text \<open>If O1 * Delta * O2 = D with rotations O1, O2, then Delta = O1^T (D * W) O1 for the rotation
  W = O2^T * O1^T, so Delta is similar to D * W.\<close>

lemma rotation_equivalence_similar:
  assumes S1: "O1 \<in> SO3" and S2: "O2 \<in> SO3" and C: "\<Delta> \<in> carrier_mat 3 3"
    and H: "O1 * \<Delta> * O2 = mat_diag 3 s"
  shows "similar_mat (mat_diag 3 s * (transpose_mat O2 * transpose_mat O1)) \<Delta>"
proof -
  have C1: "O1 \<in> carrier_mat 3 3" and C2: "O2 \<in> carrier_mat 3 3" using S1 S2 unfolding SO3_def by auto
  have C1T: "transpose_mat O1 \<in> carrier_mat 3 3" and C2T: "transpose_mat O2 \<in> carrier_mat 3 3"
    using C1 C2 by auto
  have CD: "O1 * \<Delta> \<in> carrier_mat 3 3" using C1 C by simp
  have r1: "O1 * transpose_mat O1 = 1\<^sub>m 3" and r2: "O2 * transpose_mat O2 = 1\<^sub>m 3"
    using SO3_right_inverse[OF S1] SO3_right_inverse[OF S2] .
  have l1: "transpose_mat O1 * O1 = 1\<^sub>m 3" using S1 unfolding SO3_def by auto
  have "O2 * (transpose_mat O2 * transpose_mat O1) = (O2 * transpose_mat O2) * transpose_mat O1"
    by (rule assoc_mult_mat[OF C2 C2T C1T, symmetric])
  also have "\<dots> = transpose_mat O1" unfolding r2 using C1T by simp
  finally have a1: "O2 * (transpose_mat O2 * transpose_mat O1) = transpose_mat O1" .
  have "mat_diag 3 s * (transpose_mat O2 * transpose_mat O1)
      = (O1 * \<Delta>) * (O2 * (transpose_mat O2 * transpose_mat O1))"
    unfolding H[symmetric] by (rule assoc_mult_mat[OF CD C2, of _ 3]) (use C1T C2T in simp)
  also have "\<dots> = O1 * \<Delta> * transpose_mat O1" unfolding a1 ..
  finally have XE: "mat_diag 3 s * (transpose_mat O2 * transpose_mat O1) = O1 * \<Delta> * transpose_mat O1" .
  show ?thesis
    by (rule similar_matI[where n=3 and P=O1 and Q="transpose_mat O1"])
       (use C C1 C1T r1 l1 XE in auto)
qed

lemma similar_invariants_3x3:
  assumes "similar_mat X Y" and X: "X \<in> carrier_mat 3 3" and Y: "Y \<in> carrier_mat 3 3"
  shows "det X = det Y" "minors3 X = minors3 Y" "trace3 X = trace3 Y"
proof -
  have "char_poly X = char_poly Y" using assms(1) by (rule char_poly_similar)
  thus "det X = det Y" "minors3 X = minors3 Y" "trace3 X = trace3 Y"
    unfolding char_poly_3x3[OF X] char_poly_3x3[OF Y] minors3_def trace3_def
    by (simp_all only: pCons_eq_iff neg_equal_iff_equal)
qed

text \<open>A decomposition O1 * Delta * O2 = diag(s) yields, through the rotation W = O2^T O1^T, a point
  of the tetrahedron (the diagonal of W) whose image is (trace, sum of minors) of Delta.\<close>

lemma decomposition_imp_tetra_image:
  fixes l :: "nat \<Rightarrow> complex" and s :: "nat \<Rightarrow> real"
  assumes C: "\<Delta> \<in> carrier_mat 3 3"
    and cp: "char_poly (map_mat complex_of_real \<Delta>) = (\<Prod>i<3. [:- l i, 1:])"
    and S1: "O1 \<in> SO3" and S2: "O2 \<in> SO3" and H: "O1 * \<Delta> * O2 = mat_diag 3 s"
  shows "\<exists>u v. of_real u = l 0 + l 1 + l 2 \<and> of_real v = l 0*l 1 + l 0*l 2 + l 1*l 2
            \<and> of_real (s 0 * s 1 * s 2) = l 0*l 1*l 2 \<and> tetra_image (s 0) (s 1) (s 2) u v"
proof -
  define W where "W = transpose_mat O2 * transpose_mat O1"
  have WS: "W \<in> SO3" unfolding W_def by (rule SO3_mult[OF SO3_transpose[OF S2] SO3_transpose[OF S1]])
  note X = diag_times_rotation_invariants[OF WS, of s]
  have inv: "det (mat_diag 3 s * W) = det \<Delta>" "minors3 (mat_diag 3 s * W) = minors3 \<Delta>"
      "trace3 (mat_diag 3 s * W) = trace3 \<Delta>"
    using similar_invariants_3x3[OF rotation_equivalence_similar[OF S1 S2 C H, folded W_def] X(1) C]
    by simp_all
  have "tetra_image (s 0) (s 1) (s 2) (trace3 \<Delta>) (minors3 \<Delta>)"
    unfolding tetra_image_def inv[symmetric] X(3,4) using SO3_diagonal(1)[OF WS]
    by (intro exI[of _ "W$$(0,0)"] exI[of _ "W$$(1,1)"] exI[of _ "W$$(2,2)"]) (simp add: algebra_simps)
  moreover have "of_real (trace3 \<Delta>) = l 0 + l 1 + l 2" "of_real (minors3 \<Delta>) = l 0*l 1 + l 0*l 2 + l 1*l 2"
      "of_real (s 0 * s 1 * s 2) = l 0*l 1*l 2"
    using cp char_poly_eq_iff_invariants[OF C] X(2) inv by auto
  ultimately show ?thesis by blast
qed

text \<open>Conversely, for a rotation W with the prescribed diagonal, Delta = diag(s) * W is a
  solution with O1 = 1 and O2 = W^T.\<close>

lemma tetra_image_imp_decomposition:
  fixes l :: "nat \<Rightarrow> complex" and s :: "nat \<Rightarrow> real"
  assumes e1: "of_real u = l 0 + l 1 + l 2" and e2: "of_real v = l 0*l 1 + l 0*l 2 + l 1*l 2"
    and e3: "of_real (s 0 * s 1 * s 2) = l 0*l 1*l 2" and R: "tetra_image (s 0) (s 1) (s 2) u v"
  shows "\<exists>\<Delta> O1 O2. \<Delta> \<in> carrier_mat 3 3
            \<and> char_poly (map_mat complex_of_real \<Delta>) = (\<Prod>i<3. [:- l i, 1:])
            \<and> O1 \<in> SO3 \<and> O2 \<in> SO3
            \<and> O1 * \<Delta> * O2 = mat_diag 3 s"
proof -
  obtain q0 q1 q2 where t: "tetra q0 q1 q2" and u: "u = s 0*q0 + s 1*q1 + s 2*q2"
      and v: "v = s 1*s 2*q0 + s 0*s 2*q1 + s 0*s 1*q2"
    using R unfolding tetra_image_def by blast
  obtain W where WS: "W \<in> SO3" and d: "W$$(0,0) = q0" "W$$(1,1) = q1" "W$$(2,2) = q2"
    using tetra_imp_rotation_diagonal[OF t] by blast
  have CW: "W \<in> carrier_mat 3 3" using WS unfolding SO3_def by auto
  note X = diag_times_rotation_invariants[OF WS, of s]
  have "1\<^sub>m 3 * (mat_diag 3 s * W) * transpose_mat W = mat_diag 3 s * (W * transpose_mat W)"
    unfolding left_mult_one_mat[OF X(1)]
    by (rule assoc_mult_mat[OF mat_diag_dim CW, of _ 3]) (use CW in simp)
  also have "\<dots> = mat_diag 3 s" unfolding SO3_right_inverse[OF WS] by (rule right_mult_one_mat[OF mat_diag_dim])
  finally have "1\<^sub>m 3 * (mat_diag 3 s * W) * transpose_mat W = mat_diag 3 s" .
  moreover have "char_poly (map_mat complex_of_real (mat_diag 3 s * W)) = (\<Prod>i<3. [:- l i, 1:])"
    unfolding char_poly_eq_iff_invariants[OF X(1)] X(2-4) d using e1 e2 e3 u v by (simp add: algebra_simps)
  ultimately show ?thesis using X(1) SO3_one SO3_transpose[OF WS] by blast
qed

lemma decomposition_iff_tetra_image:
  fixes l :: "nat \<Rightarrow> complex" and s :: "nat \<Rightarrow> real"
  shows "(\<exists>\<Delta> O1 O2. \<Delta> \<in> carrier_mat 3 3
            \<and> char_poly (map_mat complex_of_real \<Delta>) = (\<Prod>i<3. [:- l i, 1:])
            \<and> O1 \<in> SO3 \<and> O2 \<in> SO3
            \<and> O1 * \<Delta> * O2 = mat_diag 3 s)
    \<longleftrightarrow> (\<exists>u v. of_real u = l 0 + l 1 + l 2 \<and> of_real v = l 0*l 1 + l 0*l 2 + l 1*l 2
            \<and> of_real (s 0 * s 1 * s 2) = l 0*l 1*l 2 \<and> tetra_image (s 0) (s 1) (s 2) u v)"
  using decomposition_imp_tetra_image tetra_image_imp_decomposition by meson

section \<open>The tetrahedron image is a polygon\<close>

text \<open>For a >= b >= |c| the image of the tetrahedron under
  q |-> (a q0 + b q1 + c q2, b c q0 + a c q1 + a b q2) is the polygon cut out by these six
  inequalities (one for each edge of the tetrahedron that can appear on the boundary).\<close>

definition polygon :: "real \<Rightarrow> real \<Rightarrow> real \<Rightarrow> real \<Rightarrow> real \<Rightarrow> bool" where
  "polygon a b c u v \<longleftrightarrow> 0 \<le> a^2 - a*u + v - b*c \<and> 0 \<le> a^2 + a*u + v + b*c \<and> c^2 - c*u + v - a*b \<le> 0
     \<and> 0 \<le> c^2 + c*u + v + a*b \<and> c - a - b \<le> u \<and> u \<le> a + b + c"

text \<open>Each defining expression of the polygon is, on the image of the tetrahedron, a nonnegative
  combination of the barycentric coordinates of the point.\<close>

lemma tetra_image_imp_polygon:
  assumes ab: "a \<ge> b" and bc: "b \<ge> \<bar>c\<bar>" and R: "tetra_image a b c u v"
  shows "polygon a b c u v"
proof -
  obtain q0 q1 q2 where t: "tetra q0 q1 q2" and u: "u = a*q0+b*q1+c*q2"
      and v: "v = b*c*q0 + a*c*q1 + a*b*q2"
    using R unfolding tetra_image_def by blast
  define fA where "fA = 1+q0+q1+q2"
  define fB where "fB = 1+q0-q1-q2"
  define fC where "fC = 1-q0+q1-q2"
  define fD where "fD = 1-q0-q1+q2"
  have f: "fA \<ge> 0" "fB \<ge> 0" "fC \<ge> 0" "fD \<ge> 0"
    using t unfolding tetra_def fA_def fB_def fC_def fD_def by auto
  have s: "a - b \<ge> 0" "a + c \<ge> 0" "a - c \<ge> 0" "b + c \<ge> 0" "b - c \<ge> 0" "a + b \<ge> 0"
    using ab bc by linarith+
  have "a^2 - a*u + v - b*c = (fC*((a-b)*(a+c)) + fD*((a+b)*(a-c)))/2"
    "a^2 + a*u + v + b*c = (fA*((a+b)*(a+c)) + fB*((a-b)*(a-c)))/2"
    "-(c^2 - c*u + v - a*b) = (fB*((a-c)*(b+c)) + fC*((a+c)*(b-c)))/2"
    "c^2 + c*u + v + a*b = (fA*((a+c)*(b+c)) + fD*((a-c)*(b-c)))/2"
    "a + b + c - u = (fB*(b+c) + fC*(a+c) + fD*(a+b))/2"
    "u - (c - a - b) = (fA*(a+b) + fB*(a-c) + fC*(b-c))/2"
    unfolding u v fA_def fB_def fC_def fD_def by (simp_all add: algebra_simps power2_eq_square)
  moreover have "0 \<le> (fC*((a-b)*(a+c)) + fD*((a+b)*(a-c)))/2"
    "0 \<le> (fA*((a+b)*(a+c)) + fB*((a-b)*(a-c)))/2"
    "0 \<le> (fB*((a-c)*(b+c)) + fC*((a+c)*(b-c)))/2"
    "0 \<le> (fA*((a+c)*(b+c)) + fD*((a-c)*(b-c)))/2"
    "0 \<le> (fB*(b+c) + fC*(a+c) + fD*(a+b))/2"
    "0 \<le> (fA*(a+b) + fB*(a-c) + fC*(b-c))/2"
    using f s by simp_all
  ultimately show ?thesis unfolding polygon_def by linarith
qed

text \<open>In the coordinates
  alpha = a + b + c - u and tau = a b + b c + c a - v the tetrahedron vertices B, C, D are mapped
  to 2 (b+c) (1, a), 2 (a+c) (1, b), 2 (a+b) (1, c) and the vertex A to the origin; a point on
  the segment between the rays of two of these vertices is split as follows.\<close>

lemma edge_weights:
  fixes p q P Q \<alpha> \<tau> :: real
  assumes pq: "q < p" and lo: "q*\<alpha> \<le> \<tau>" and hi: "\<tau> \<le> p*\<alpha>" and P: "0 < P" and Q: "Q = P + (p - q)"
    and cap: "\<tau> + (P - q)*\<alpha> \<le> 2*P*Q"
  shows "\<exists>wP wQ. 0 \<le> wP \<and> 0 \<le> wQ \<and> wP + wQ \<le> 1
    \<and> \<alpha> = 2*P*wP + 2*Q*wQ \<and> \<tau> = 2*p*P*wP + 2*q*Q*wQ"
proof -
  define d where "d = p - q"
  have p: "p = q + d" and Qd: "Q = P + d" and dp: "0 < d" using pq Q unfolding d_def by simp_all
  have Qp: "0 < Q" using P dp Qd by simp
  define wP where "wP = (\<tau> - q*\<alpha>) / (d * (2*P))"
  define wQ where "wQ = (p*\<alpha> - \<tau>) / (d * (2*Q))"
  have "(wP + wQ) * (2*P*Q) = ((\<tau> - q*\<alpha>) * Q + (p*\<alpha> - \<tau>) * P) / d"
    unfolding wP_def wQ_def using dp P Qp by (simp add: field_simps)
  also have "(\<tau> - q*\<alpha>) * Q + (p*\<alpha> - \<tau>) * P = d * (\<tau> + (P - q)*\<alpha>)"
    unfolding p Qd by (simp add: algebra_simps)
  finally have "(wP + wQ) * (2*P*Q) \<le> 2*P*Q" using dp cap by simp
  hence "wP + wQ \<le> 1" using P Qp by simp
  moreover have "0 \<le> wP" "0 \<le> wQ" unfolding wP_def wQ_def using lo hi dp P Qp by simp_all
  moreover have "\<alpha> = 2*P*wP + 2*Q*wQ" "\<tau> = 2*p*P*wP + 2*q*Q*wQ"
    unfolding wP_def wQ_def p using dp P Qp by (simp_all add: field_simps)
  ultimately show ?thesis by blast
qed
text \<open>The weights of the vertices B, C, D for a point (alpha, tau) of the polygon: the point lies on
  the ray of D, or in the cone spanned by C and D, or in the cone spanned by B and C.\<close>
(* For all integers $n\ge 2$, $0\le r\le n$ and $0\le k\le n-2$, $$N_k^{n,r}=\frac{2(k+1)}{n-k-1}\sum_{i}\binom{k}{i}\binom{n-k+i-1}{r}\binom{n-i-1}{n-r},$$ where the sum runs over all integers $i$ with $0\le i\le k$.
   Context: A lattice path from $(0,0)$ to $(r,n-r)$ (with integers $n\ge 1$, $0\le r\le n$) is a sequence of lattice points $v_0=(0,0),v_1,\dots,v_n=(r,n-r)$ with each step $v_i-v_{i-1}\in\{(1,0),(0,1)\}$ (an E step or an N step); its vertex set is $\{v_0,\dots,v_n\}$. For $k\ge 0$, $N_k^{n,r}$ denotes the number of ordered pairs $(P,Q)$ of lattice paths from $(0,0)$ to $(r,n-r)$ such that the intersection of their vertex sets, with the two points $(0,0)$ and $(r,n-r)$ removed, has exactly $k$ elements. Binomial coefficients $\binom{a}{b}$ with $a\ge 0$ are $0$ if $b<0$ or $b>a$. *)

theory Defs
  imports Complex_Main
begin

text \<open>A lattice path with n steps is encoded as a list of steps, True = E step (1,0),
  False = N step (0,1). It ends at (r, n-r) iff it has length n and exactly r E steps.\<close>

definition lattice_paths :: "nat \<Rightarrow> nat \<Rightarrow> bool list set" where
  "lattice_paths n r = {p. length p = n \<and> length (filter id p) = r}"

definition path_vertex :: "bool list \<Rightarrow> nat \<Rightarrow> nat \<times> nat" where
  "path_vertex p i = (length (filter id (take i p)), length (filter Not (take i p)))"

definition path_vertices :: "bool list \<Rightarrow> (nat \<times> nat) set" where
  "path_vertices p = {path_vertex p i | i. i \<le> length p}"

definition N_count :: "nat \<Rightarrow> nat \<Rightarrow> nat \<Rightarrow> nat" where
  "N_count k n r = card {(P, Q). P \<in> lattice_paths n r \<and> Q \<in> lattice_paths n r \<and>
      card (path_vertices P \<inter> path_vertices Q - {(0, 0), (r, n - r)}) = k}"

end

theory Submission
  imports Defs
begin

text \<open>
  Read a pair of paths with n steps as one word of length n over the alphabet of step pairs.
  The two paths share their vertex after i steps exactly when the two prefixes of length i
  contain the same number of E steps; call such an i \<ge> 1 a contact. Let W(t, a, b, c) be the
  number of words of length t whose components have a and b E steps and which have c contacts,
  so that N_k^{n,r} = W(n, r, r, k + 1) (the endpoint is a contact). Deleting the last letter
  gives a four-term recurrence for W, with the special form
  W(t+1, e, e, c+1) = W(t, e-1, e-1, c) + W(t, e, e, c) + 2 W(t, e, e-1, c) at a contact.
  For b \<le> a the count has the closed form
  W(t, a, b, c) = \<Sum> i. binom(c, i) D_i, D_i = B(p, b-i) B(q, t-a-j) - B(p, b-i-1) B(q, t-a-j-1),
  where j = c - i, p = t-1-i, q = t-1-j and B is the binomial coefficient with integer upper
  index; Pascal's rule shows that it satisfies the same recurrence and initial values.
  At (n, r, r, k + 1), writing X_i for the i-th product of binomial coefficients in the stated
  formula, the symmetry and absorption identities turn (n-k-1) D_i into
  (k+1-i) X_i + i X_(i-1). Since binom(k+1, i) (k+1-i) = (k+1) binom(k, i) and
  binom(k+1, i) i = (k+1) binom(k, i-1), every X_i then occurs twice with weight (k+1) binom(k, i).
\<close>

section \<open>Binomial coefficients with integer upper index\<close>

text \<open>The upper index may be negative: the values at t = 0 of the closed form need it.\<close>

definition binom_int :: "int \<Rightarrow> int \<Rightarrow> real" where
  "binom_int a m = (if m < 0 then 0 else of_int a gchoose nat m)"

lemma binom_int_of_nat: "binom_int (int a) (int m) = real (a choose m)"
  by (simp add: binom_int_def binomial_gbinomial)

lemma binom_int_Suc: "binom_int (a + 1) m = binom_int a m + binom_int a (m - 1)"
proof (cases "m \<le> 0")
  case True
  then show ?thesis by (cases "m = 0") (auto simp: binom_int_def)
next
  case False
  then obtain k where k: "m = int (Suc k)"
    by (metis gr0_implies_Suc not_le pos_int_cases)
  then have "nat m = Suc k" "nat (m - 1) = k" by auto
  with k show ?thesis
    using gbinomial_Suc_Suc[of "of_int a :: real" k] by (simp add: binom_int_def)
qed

▶ TASK DESCRIPTION
Exactly the lines above from the one with "n \<and> length" to the one with "number of words", both included, are to be quoted; leave the rest out.

▶ RESULT OF THE TASK
  "lattice_paths n r = {p. length p = n \<and> length (filter id p) = r}"

definition path_vertex :: "bool list \<Rightarrow> nat \<Rightarrow> nat \<times> nat" where
  "path_vertex p i = (length (filter id (take i p)), length (filter Not (take i p)))"

definition path_vertices :: "bool list \<Rightarrow> (nat \<times> nat) set" where
  "path_vertices p = {path_vertex p i | i. i \<le> length p}"

definition N_count :: "nat \<Rightarrow> nat \<Rightarrow> nat \<Rightarrow> nat" where
  "N_count k n r = card {(P, Q). P \<in> lattice_paths n r \<and> Q \<in> lattice_paths n r \<and>
      card (path_vertices P \<inter> path_vertices Q - {(0, 0), (r, n - r)}) = k}"

end

theory Submission
  imports Defs
begin

text \<open>
  Read a pair of paths with n steps as one word of length n over the alphabet of step pairs.
  The two paths share their vertex after i steps exactly when the two prefixes of length i
  contain the same number of E steps; call such an i \<ge> 1 a contact. Let W(t, a, b, c) be the
  number of words of length t whose components have a and b E steps and which have c contacts,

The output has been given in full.